= Beginning of Section =
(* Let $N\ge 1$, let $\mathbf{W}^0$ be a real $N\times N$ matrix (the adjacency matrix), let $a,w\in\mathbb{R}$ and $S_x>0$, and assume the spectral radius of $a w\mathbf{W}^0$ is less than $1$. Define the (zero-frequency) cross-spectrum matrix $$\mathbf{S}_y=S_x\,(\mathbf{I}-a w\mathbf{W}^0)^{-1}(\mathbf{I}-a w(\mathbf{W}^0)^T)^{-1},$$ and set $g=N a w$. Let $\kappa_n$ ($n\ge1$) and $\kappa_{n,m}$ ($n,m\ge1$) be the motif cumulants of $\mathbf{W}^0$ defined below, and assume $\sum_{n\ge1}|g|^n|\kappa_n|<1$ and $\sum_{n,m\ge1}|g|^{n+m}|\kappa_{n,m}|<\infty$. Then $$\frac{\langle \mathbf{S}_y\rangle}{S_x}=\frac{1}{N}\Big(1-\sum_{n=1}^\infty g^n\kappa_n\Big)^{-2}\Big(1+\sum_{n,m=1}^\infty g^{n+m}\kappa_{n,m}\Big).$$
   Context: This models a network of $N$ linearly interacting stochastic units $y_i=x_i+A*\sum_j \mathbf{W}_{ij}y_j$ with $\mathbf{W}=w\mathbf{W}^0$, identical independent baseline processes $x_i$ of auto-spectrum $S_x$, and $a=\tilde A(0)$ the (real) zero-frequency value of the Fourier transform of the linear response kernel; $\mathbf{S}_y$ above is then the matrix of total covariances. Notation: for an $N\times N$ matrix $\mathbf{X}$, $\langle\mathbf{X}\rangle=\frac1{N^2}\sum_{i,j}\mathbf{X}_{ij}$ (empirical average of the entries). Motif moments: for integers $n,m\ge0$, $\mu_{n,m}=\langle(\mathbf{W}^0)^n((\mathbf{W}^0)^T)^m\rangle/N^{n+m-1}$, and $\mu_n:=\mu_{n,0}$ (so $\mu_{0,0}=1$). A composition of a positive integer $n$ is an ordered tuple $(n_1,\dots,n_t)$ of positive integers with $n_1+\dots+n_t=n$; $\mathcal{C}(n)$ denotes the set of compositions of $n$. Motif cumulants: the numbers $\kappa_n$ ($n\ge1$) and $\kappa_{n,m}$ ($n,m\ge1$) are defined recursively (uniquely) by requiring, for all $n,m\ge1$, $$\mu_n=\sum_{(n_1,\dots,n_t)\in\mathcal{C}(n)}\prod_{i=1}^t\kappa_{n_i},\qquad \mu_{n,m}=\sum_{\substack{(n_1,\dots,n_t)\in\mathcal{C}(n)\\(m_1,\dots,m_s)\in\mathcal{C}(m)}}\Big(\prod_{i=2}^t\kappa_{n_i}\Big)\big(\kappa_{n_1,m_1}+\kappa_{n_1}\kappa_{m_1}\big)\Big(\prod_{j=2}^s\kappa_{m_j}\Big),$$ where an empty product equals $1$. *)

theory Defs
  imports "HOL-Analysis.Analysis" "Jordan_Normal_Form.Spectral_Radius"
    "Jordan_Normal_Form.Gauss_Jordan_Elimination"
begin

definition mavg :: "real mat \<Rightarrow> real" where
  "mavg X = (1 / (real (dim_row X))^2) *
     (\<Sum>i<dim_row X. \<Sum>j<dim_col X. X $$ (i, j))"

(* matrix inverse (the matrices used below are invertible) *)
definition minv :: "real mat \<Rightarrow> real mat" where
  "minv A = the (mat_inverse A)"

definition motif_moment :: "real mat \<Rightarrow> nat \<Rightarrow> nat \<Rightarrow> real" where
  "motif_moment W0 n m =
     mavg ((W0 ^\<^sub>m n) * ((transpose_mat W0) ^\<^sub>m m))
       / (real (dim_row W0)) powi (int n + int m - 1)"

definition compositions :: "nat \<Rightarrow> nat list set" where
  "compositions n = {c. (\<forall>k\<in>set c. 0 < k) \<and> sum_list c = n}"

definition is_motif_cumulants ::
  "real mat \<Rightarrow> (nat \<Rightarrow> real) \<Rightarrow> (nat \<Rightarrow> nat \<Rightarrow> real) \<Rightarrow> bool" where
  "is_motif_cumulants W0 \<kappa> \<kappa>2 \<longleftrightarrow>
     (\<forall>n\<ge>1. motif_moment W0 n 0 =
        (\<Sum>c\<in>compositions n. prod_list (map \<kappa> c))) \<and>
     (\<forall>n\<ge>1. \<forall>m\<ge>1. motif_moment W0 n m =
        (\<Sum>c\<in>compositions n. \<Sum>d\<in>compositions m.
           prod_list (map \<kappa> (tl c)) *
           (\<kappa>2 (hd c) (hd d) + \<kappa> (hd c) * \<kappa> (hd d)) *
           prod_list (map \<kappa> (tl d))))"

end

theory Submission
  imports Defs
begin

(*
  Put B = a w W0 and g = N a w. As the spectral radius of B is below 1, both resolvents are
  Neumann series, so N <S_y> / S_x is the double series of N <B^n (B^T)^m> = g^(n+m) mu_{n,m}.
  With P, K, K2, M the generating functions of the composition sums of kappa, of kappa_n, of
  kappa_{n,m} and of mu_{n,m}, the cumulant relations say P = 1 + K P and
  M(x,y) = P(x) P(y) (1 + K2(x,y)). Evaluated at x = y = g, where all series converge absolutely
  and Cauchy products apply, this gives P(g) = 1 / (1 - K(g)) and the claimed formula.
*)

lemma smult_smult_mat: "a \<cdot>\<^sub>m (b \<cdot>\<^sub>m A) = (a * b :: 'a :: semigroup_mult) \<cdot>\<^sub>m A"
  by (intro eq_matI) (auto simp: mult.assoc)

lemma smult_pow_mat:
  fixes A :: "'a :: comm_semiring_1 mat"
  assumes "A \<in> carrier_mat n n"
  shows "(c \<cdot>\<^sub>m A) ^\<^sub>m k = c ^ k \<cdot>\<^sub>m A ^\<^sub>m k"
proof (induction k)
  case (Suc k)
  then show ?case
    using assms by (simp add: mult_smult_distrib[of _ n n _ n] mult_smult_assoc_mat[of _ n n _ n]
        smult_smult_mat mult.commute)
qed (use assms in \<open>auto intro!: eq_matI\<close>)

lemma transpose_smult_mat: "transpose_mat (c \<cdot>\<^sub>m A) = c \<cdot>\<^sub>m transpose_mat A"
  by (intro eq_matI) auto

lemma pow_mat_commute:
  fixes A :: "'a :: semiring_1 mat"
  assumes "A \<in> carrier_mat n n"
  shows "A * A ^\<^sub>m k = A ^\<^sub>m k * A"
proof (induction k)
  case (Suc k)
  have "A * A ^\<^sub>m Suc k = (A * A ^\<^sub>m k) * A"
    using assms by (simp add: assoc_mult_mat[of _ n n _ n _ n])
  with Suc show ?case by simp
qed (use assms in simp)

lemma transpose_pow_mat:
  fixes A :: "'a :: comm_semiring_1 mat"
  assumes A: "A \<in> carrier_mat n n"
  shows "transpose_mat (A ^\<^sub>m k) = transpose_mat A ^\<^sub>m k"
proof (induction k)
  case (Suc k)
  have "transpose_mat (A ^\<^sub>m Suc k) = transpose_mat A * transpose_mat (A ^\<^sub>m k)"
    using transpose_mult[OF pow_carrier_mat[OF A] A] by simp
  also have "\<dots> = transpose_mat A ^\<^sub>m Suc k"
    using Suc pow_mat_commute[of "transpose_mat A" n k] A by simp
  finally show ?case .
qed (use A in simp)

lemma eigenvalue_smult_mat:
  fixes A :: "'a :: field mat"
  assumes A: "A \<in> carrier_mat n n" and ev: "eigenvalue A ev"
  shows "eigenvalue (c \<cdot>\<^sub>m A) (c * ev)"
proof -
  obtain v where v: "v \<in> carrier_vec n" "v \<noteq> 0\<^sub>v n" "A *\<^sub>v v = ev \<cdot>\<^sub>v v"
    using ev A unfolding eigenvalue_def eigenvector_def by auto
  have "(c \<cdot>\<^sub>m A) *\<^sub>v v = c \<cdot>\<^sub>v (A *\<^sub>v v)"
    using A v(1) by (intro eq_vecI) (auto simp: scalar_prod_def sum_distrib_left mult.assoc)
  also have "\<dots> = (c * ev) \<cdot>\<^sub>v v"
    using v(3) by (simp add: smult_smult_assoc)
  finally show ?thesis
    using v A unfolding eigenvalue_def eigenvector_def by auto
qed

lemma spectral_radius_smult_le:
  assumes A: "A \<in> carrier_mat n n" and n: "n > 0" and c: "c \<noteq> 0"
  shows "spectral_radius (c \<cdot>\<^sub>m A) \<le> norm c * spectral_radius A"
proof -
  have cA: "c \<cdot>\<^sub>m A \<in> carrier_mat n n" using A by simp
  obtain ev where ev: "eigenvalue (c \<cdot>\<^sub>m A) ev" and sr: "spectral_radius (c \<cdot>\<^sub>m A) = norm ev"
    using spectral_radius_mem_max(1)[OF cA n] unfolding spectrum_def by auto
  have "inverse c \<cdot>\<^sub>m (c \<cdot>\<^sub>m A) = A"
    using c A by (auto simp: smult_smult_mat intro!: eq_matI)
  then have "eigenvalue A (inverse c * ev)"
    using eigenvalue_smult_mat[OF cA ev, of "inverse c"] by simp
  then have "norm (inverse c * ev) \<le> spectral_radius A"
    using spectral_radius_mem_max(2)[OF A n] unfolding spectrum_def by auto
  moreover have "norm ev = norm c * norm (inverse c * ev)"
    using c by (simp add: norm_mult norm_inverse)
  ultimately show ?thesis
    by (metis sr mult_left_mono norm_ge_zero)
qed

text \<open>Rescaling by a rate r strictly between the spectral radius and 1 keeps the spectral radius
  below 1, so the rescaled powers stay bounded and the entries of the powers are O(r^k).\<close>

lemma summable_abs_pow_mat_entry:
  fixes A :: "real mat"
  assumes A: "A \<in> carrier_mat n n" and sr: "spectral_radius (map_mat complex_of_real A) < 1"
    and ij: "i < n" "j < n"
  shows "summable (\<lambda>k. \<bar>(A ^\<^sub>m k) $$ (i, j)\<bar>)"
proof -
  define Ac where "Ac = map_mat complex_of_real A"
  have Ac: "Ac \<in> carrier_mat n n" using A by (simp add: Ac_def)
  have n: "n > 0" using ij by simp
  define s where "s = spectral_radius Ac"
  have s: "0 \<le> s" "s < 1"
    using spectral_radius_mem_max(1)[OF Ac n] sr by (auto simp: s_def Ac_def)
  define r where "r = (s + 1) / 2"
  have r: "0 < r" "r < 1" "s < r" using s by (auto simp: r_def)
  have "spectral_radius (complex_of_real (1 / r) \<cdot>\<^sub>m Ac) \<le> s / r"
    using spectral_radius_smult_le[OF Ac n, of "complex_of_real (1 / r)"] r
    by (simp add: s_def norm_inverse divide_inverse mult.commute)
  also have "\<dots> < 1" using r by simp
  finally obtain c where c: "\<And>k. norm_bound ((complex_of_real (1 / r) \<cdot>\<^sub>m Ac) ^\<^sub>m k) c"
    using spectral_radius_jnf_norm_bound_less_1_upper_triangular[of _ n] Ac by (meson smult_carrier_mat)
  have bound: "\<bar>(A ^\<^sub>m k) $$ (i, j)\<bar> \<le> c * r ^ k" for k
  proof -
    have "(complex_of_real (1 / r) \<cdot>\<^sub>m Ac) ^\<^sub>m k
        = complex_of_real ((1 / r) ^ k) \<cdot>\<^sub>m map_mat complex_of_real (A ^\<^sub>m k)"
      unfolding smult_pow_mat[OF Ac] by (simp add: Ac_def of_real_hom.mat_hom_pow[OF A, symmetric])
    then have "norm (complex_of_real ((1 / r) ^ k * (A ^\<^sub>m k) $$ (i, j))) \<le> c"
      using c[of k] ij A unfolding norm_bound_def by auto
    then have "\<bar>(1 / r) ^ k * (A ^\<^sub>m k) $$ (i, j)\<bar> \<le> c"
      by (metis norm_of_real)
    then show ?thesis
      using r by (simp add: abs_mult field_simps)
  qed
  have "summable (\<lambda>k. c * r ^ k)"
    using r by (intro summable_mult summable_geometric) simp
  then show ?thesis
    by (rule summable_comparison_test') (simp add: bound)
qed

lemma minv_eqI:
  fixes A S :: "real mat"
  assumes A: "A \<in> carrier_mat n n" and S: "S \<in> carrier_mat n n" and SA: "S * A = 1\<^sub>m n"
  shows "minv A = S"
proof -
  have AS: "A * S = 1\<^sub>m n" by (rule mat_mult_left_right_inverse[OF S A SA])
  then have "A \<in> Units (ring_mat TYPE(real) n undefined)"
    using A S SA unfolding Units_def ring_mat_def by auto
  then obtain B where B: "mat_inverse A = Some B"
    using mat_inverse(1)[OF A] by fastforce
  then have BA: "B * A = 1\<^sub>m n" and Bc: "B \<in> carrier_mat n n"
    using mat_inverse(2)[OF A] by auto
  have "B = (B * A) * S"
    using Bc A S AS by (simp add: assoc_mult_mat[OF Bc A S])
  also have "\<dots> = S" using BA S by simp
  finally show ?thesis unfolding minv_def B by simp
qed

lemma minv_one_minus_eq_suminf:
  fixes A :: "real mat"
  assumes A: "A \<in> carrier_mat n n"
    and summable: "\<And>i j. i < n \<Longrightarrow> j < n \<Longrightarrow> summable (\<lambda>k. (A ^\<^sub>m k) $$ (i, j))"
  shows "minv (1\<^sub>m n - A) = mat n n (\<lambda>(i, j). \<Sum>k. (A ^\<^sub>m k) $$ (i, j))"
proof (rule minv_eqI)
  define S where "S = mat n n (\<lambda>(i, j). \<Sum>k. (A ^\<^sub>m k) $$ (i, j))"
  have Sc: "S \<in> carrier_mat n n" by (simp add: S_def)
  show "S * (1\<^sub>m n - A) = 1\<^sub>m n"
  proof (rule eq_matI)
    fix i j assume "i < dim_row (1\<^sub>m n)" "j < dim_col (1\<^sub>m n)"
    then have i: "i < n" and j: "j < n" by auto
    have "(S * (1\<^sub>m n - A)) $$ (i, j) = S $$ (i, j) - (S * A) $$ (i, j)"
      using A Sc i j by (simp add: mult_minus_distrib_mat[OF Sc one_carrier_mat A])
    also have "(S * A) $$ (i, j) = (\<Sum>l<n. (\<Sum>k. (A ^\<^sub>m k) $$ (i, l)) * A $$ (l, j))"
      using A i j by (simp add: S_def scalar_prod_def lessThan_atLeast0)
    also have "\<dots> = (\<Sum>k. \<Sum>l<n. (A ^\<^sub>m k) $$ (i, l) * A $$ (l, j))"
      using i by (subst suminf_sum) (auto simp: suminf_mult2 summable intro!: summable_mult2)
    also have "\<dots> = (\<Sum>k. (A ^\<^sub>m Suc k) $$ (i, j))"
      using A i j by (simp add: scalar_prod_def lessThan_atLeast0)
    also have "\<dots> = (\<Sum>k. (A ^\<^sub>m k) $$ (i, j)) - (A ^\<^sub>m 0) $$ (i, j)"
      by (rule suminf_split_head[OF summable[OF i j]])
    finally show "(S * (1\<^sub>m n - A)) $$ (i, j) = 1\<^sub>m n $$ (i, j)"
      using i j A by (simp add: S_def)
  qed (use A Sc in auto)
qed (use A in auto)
= End of Section =
= Beginning of Section =
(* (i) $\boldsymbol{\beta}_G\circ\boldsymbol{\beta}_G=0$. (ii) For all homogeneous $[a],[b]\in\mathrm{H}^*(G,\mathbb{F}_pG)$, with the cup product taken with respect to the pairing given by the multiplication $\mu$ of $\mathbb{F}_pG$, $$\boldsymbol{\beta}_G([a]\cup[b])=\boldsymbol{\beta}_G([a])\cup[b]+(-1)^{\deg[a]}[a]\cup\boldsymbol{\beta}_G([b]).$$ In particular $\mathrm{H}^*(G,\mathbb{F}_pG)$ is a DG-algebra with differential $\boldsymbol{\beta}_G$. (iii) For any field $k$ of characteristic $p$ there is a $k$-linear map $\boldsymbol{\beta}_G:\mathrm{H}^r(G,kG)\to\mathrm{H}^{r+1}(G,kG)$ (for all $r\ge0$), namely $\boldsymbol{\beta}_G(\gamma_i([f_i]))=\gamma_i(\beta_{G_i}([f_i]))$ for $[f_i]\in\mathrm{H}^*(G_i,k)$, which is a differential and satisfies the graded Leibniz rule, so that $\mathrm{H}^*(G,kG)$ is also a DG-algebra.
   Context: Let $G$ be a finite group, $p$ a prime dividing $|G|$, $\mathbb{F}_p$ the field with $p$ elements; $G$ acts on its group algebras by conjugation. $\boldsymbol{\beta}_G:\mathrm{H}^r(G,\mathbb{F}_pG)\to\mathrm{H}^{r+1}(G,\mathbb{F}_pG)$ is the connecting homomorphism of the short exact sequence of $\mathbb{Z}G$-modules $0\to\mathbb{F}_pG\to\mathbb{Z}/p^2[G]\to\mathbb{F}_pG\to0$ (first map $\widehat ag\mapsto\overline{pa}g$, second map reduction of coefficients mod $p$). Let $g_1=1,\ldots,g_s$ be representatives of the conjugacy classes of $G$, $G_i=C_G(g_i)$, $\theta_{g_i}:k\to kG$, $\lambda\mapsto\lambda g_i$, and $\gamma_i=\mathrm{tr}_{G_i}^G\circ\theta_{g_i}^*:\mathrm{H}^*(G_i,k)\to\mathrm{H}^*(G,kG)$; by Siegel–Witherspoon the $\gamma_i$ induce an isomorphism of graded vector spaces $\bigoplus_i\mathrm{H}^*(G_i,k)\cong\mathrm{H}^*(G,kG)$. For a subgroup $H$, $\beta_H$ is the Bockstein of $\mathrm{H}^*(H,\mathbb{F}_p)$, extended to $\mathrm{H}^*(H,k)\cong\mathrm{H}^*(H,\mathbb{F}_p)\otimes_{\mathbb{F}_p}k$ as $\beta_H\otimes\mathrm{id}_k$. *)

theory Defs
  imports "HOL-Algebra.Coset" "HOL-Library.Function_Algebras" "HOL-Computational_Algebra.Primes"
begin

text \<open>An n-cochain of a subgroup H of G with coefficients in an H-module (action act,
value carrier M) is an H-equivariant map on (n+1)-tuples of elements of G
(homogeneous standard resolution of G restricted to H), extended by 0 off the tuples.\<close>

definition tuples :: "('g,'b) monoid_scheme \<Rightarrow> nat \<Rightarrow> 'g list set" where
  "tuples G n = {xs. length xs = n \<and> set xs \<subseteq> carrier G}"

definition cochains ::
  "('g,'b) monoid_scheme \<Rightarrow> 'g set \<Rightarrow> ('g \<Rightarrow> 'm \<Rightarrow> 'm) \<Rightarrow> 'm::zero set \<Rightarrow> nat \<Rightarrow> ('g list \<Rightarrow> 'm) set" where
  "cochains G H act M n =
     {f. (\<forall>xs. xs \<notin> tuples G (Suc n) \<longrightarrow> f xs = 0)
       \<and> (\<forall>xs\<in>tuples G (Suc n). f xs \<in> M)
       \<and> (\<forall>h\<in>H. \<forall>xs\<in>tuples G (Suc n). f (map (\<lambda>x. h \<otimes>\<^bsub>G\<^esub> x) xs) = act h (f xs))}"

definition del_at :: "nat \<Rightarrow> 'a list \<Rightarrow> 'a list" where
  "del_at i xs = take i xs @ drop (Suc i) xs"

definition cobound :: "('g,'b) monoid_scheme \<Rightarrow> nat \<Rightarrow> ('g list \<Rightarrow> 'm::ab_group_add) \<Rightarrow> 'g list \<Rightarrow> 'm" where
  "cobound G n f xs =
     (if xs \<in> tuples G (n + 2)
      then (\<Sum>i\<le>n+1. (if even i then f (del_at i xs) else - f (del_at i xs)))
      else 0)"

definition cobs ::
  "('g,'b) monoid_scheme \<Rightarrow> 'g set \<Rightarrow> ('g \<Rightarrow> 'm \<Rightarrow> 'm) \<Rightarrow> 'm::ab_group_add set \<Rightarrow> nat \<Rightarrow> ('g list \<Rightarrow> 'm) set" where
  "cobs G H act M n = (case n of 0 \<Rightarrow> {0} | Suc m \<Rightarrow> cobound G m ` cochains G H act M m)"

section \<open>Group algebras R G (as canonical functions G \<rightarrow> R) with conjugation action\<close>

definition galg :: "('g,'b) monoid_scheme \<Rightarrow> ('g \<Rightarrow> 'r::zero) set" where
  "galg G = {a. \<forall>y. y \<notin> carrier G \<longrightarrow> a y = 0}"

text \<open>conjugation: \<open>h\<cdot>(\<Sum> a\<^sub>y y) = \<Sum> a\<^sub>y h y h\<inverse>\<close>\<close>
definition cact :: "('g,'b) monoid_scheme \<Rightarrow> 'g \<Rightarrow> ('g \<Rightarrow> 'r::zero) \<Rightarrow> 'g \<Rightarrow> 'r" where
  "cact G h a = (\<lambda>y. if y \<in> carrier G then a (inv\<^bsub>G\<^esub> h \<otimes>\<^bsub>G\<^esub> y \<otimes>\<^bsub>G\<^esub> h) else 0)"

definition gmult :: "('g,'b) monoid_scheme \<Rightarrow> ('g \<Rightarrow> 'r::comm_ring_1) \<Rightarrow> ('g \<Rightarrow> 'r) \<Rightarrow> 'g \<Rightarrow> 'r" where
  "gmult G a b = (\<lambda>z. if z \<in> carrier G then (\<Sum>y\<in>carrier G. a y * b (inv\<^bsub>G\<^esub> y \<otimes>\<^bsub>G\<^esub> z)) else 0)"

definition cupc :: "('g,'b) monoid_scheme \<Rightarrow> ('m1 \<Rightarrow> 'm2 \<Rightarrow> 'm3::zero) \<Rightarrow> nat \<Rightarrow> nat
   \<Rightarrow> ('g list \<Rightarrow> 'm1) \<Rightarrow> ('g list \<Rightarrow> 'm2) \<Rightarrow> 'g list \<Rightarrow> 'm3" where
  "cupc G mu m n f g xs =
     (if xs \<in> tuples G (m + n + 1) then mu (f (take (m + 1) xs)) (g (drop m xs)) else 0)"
= End of Section =
» What is being asked
The records are given above. Copy each line in them that holds "case".

» Exercise response
  case (Suc k)
  then show ?case
  case (Suc k)
  with Suc show ?case by simp
  case (Suc k)
  finally show ?case .
  "cobs G H act M n = (case n of 0 \<Rightarrow> {0} | Suc m \<Rightarrow> cobound G m ` cochains G H act M m)"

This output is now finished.